Small- and full-scale projects total up to $585 million to advance President Bush's Twenty in Ten Initiative
WASHINGTON, DC - U.S. Department of Energy (DOE) Secretary Samuel W. Bodman today announced that DOE will provide up to $200 million, over five years (FY'07-'11) to support the development of small-scale cellulosic biorefineries in the United States. This Funding Opportunity Announcement (FOA) seeks projects to develop biorefineries at ten percent of commercial scale that produce liquid transportation fuels such as ethanol, as well as bio-based chemicals and bioproducts used in industrial applications.
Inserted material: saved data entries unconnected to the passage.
(* Let $\Sigma$ be an alphabet with $|\Sigma|=3$. There exists an infinite word over $\Sigma$ that is pseudo-square-free with respect to the mirror image $\operatorname{Mir}$, and for every antimorphic involution $\theta\neq\operatorname{Mir}$ on $\Sigma^*$ there is no infinite word over $\Sigma$ that is pseudo-square-free with respect to $\theta$.
   Context: A function $\theta:\Sigma^*\to\Sigma^*$ is an antimorphic involution if $\theta(uv)=\theta(v)\theta(u)$ and $\theta(\theta(w))=w$ for all words $u,v,w$. The mirror image is $\operatorname{Mir}(b_1\cdots b_n)=b_n\cdots b_1$. A pseudo square with respect to $\theta$ is a nonempty word $u_1u_2$ with $u_1=u_2$ or $u_1=\theta(u_2)$. A word is pseudo-square-free with respect to $\theta$ if no factor (contiguous subword) of it is a pseudo square with respect to $\theta$. *)

theory Defs
  imports Main
begin

definition antimorphic_involution :: "('a list \<Rightarrow> 'a list) \<Rightarrow> bool" where
  "antimorphic_involution \<theta> \<longleftrightarrow>
     (\<forall>u v. \<theta> (u @ v) = \<theta> v @ \<theta> u) \<and> (\<forall>w. \<theta> (\<theta> w) = w)"

text \<open>Mirror image is rev.\<close>

definition pseudo_square :: "('a list \<Rightarrow> 'a list) \<Rightarrow> 'a list \<Rightarrow> bool" where
  "pseudo_square \<theta> x \<longleftrightarrow>
     x \<noteq> [] \<and> (\<exists>u1 u2. x = u1 @ u2 \<and> (u1 = u2 \<or> u1 = \<theta> u2))"

definition inf_factor :: "(nat \<Rightarrow> 'a) \<Rightarrow> 'a list \<Rightarrow> bool" where
  "inf_factor w x \<longleftrightarrow> (\<exists>i. x = map w [i..<i + length x])"

definition inf_pseudo_square_free :: "('a list \<Rightarrow> 'a list) \<Rightarrow> (nat \<Rightarrow> 'a) \<Rightarrow> bool" where
  "inf_pseudo_square_free \<theta> w \<longleftrightarrow> (\<forall>x. inf_factor w x \<longrightarrow> \<not> pseudo_square \<theta> x)"

end

theory Submission
  imports Defs
begin

text \<open>
  A mirror pseudo-square \<open>rev v @ y # y # v\<close> contains the square \<open>y y\<close> at its centre, so avoiding
  \<open>rev\<close>-pseudo-squares is the same as avoiding squares. A square-free ternary word is obtained by
  recording at each position whether the Thue--Morse word \<open>t\<close> changes there and, if it does, its
  value: a square in this word lifts to an overlap in \<open>t\<close>, and \<open>t\<close> is overlap-free.

  Any other antimorphic involution is \<open>rev \<circ> map \<sigma>\<close> for a letter involution \<open>\<sigma>\<close> swapping two
  letters \<open>a\<close>, \<open>b\<close>. In a word avoiding its pseudo-squares adjacent letters are neither equal nor
  swapped by \<open>\<sigma>\<close>, so the third letter \<open>c\<close> occurs at every second position; avoiding squares of
  period 2 then makes the letters between the \<open>c\<close>'s alternate between \<open>a\<close> and \<open>b\<close>, which is a
  square of period 4.
\<close>

section \<open>Squares in infinite words\<close>

definition inf_square_free :: "(nat \<Rightarrow> 'a) \<Rightarrow> bool" where
  "inf_square_free w \<longleftrightarrow> (\<forall>i p. 0 < p \<longrightarrow> (\<exists>k<p. w (i + k) \<noteq> w (i + p + k)))"

lemma inf_square_freeD: "inf_square_free w \<Longrightarrow> 0 < p \<Longrightarrow> \<exists>k<p. w (i + k) \<noteq> w (i + p + k)"
  unfolding inf_square_free_def by blast

lemma inf_square_free_shift: "inf_square_free w \<Longrightarrow> inf_square_free (\<lambda>n. w (i + n))"
  unfolding inf_square_free_def by (metis add.assoc)

lemma inf_factor_map_upt: "inf_factor w (map w [i..<j])"
  unfolding inf_factor_def by (rule exI[of _ i]) (cases "i \<le> j"; simp)

lemma inf_factor_appendD:
  assumes "inf_factor w (u @ v)"
  shows "inf_factor w u" "inf_factor w v"
proof -
  define m n where "m = length u" and "n = length v"
  then have len: "length u = m" "length v = n" by simp_all
  obtain i where "u @ v = map w [i..<i + m + n]"
    using assms unfolding inf_factor_def by (metis add.assoc len length_append)
  also have "\<dots> = map w [i..<i + m] @ map w [i + m..<i + m + n]"
    by (simp add: upt_add_eq_append[of i "i + m" n])
  finally have "u = map w [i..<i + m]" "v = map w [i + m..<i + m + n]"
    by (simp_all add: append_eq_append_conv len)
  then show "inf_factor w u" "inf_factor w v"
    by (simp_all add: inf_factor_map_upt)
qed

lemma inf_factor_square_iff:
  "inf_factor w (u @ u) \<longleftrightarrow>
     (\<exists>i. u = map w [i..<i + length u] \<and> (\<forall>k<length u. w (i + k) = w (i + length u + k)))"
proof -
  define n where "n = length u"
  then have len: "length u = n" by simp
  have split: "map w [i..<i + n + n] = map w [i..<i + n] @ map w [i + n..<i + n + n]" for i
    by (simp add: upt_add_eq_append[of i "i + n" n])
  have "inf_factor w (u @ u) \<longleftrightarrow> (\<exists>i. u @ u = map w [i..<i + n + n])"
    unfolding inf_factor_def by (simp add: len add.assoc)
  also have "\<dots> \<longleftrightarrow> (\<exists>i. u = map w [i..<i + n] \<and> map w [i..<i + n] = map w [i + n..<i + n + n])"
    unfolding split by (auto simp: append_eq_append_conv len)
  also have "\<dots> \<longleftrightarrow> (\<exists>i. u = map w [i..<i + n] \<and> (\<forall>k<n. w (i + k) = w (i + n + k)))"
    by (simp add: list_eq_iff_nth_eq)
  finally show ?thesis unfolding n_def .
qed

lemma inf_square_free_iff:
  fixes w :: "nat \<Rightarrow> 'a"
  shows "inf_square_free w \<longleftrightarrow> (\<forall>u. u \<noteq> [] \<longrightarrow> \<not> inf_factor w (u @ u))"
  unfolding inf_square_free_def inf_factor_square_iff
proof (intro iffI allI impI notI)
  fix u :: "'a list" assume free: "\<forall>i p. 0 < p \<longrightarrow> (\<exists>k<p. w (i + k) \<noteq> w (i + p + k))" and "u \<noteq> []"
  assume "\<exists>i. u = map w [i..<i + length u] \<and> (\<forall>k<length u. w (i + k) = w (i + length u + k))"
  then obtain i where "\<forall>k<length u. w (i + k) = w (i + length u + k)" by blast
  with free[rule_format, of "length u" i] \<open>u \<noteq> []\<close> show False by auto
next
  fix i p :: nat assume "0 < p"
  assume no_square: "\<forall>u. u \<noteq> [] \<longrightarrow>
    \<not> (\<exists>i. u = map w [i..<i + length u] \<and> (\<forall>k<length u. w (i + k) = w (i + length u + k)))"
  show "\<exists>k<p. w (i + k) \<noteq> w (i + p + k)"
    using no_square[rule_format, of "map w [i..<i + p]"] \<open>0 < p\<close> by auto
qed

lemma inf_pseudo_square_free_imp_square_free:
  "inf_pseudo_square_free \<theta> w \<Longrightarrow> inf_square_free w"
  unfolding inf_square_free_iff inf_pseudo_square_free_def pseudo_square_def by blast

lemma inf_pseudo_square_free_rev_iff: "inf_pseudo_square_free rev w \<longleftrightarrow> inf_square_free w"
proof
  assume "inf_square_free w"
  then have no_square: "\<not> inf_factor w (u @ u)" if "u \<noteq> []" for u
    using that unfolding inf_square_free_iff by blast
  show "inf_pseudo_square_free rev w"
    unfolding inf_pseudo_square_free_def pseudo_square_def
  proof (intro allI impI notI, elim conjE exE disjE)
    fix x u1 u2
    assume "inf_factor w x" "x \<noteq> []" "x = u1 @ u2"
    then show "u1 = u2 \<Longrightarrow> False" using no_square by auto
    assume "u1 = rev u2"
    with \<open>x \<noteq> []\<close> \<open>x = u1 @ u2\<close> obtain y ys where x: "x = rev ys @ ([y] @ [y]) @ ys"
      by (cases u2) auto
    from \<open>inf_factor w x\<close> have "inf_factor w (([y] @ [y]) @ ys)"
      unfolding x by (rule inf_factor_appendD(2))
    then have "inf_factor w ([y] @ [y])"
      by (rule inf_factor_appendD(1))
    with no_square[of "[y]"] show False by simp
  qed
qed (rule inf_pseudo_square_free_imp_square_free)

lemma inf_square_free_comp: "inj f \<Longrightarrow> inf_square_free w \<Longrightarrow> inf_square_free (f \<circ> w)"
  unfolding inf_square_free_def by (simp add: inj_eq)

lemma bool_seq_constant: "\<forall>k<(p::nat). f (i + k) = f (i + k + 1) \<Longrightarrow> f (i + p) = f i"
  by (induction p) auto

lemma bool_seq_alternating: "\<forall>k<(p::nat). f (i + k) \<noteq> f (i + k + 1) \<Longrightarrow> f (i + p) = (f i \<noteq> odd p)"
  by (induction p) auto

section \<open>The Thue--Morse word\<close>

fun tm :: "nat \<Rightarrow> bool" where
  "tm n = (if n = 0 then False else if even n then tm (n div 2) else \<not> tm (n div 2))"

declare tm.simps[simp del]

lemma tm_0: "\<not> tm 0"
  by (simp add: tm.simps)

lemma tm_double_plus: "r < 2 \<Longrightarrow> tm (2 * n + r) = (tm n \<noteq> odd r)"
  by (subst tm.simps) (auto simp: less_2_cases_iff tm_0)

lemma tm_eq_Suc_imp_odd: "tm n = tm (Suc n) \<Longrightarrow> odd n"
  using tm_double_plus[of 0 "n div 2"] tm_double_plus[of 1 "n div 2"] by (auto elim: evenE)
This research aims to advance President Bush's goal of making cellulosic ethanol cost-competitive with gasoline by 2012, and assist in reducing America's gasoline consumption by 20 percent in ten years by expanding the availability of alternative and renewable transportation fuels.
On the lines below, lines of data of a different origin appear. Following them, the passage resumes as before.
definition coeff_var_term :: "nat \<Rightarrow> nat \<Rightarrow> (nat \<Rightarrow>\<^sub>0 nat) \<Rightarrow> 'a::comm_monoid_add \<Rightarrow> 'a mpoly" where
  "coeff_var_term v k m c =
    (if Poly_Mapping.lookup m v = k then Poly_Mapping.single (m - Poly_Mapping.single v k) c else 0)"

lemma coeff_var_eq_extend_termwise: "coeff_var v k = extend_termwise (coeff_var_term v k)"
  by (rule ext) (simp add: coeff_var_def extend_termwise_def coeff_var_term_def sum.inter_filter)

lemma termwise_additive_coeff_var_term: "termwise_additive (coeff_var_term v k)"
  by unfold_locales (auto simp: coeff_var_term_def single_add)

lemma lookup_xpart: "Poly_Mapping.lookup (xpart d m) v = (if d \<le> v then Poly_Mapping.lookup m v else 0)"
  by (cases "v \<in> Poly_Mapping.keys m")
     (auto simp: xpart_def lookup_sum lookup_single when_def in_keys_iff)

lemma xpart_add: "xpart d (m + m') = xpart d m + xpart d m'"
  by (rule poly_mapping_eqI) (simp add: lookup_xpart lookup_add)

definition par_weight :: "'b::field list \<Rightarrow> nat \<Rightarrow> (nat \<Rightarrow>\<^sub>0 nat) \<Rightarrow> 'b" where
  "par_weight a d m = (\<Prod>j<d. (a ! j) ^ Poly_Mapping.lookup m j)"

lemma par_weight_add: "par_weight a d (m + m') = par_weight a d m * par_weight a d m'"
  by (simp add: par_weight_def lookup_add power_add prod.distrib)

definition subst_par_term ::
    "('a::field \<Rightarrow> 'b::field) \<Rightarrow> nat \<Rightarrow> 'b list \<Rightarrow> (nat \<Rightarrow>\<^sub>0 nat) \<Rightarrow> 'a \<Rightarrow> 'b mpoly" where
  "subst_par_term emb d a m c = Poly_Mapping.single (xpart d m) (emb c * par_weight a d m)"

lemma subst_par_eq_extend_termwise: "subst_par emb d a = extend_termwise (subst_par_term emb d a)"
  by (rule ext) (simp add: subst_par_def extend_termwise_def subst_par_term_def par_weight_def)

locale ring_hom_fun =
  fixes emb :: "'a::field \<Rightarrow> 'b::field"
  assumes hom_add: "emb (x + y) = emb x + emb y" and hom_mult: "emb (x * y) = emb x * emb y"
begin

lemma hom_zero: "emb 0 = 0"
  using hom_add[of 0 0] by (metis add_cancel_right_right add.right_neutral)

lemma termwise_additive_subst_par_term: "termwise_additive (subst_par_term emb d a)"
  by unfold_locales (auto simp: subst_par_term_def hom_zero hom_add distrib_right single_add)

lemma subst_par_term_mult:
  "subst_par_term emb d a (m + m') (c * c') = subst_par_term emb d a m c * subst_par_term emb d a m' c'"
  by (simp add: subst_par_term_def mult_single xpart_add par_weight_add hom_mult mult_ac)

lemma subst_par_add: "subst_par emb d a (F + G) = subst_par emb d a F + subst_par emb d a G"
proof -
  interpret termwise_additive "subst_par_term emb d a" by (rule termwise_additive_subst_par_term)
  show ?thesis by (simp add: subst_par_eq_extend_termwise)
qed

lemma subst_par_sum: "subst_par emb d a (\<Sum>i\<in>I. f i) = (\<Sum>i\<in>I. subst_par emb d a (f i))"
  by (rule additive_sum) (simp add: subst_par_add, simp add: subst_par_def)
"This research will provide the next necessary step toward developing cellulosic biorefineries that can transform our transportation sector in a clean and cost-effective manner," Secretary Bodman said. "As world demand for energy continues to grow, so too must our supply of clean, domestic sources of energy - and cellulosic biofuels provide a promising way to meet President Bush's goal of displacing twenty percent of gasoline usage within the decade."
Today's announcement advances DOE's long-term strategy to reduce dependence on imported oil by encouraging development of clean, domestic and renewable sources of energy, including biofuels. This strategy includes small-scale research projects to inform long-term development of full-scale facilities.
Small-scale projects will use novel approaches and a variety of cellulosic feedstocks to test new refining processes. These projects complement DOE's announcement earlier this year, which makes available up to $385 million over four years for the development of six full-scale biorefineries. The full-scale biorefineries focus on near-term commercial processes, while the small-scale facilities will experiment with new feedstocks and processing technologies. Combined, these small- and full-scale projects will receive up to $585 million in federal investment.
The FOA will support demonstration projects that test key refining processes and provide operational data needed to lower the technical hurdles sometimes associated with financing a full-size commercial plant. These projects are expected to be operational within three to four years and will speed the adoption of new technologies to produce ethanol and other biofuels from cellulosic feedstocks. Commercial-scale demonstrations would follow thereafter.
DOE requests applicants to design, construct and operate an integrated biorefinery demonstration facility, employing lignocellulosic feedstocks for the production of some combination of liquid transportation fuel(s), biobased chemicals, and substitutes for petroleum-based feedstocks and products. DOE seeks projects that can rapidly move to commercial-scale, supported by a sound business strategy and; encourages applications that demonstrate breakthrough technologies and collaboration between industry, universities, and DOE's national laboratories.
Up to $15 million is expected to be available in FY'07, with the remaining $185 million expected to be available in FY'08-'11, subject to appropriation from Congress. DOE anticipates selecting 5-10 awards under this announcement. These projects require a minimum of 50 percent cost share from applicants.
Applications for this FOA are due August 14, 2007. For more information on the FOA, "Demonstration of Integrated Biorefinery Operations for Producing Biofuels and Chemical/Materials Products" - DE-PS36-07GO97003, visit: DOE's E-Center OR Grants.gov.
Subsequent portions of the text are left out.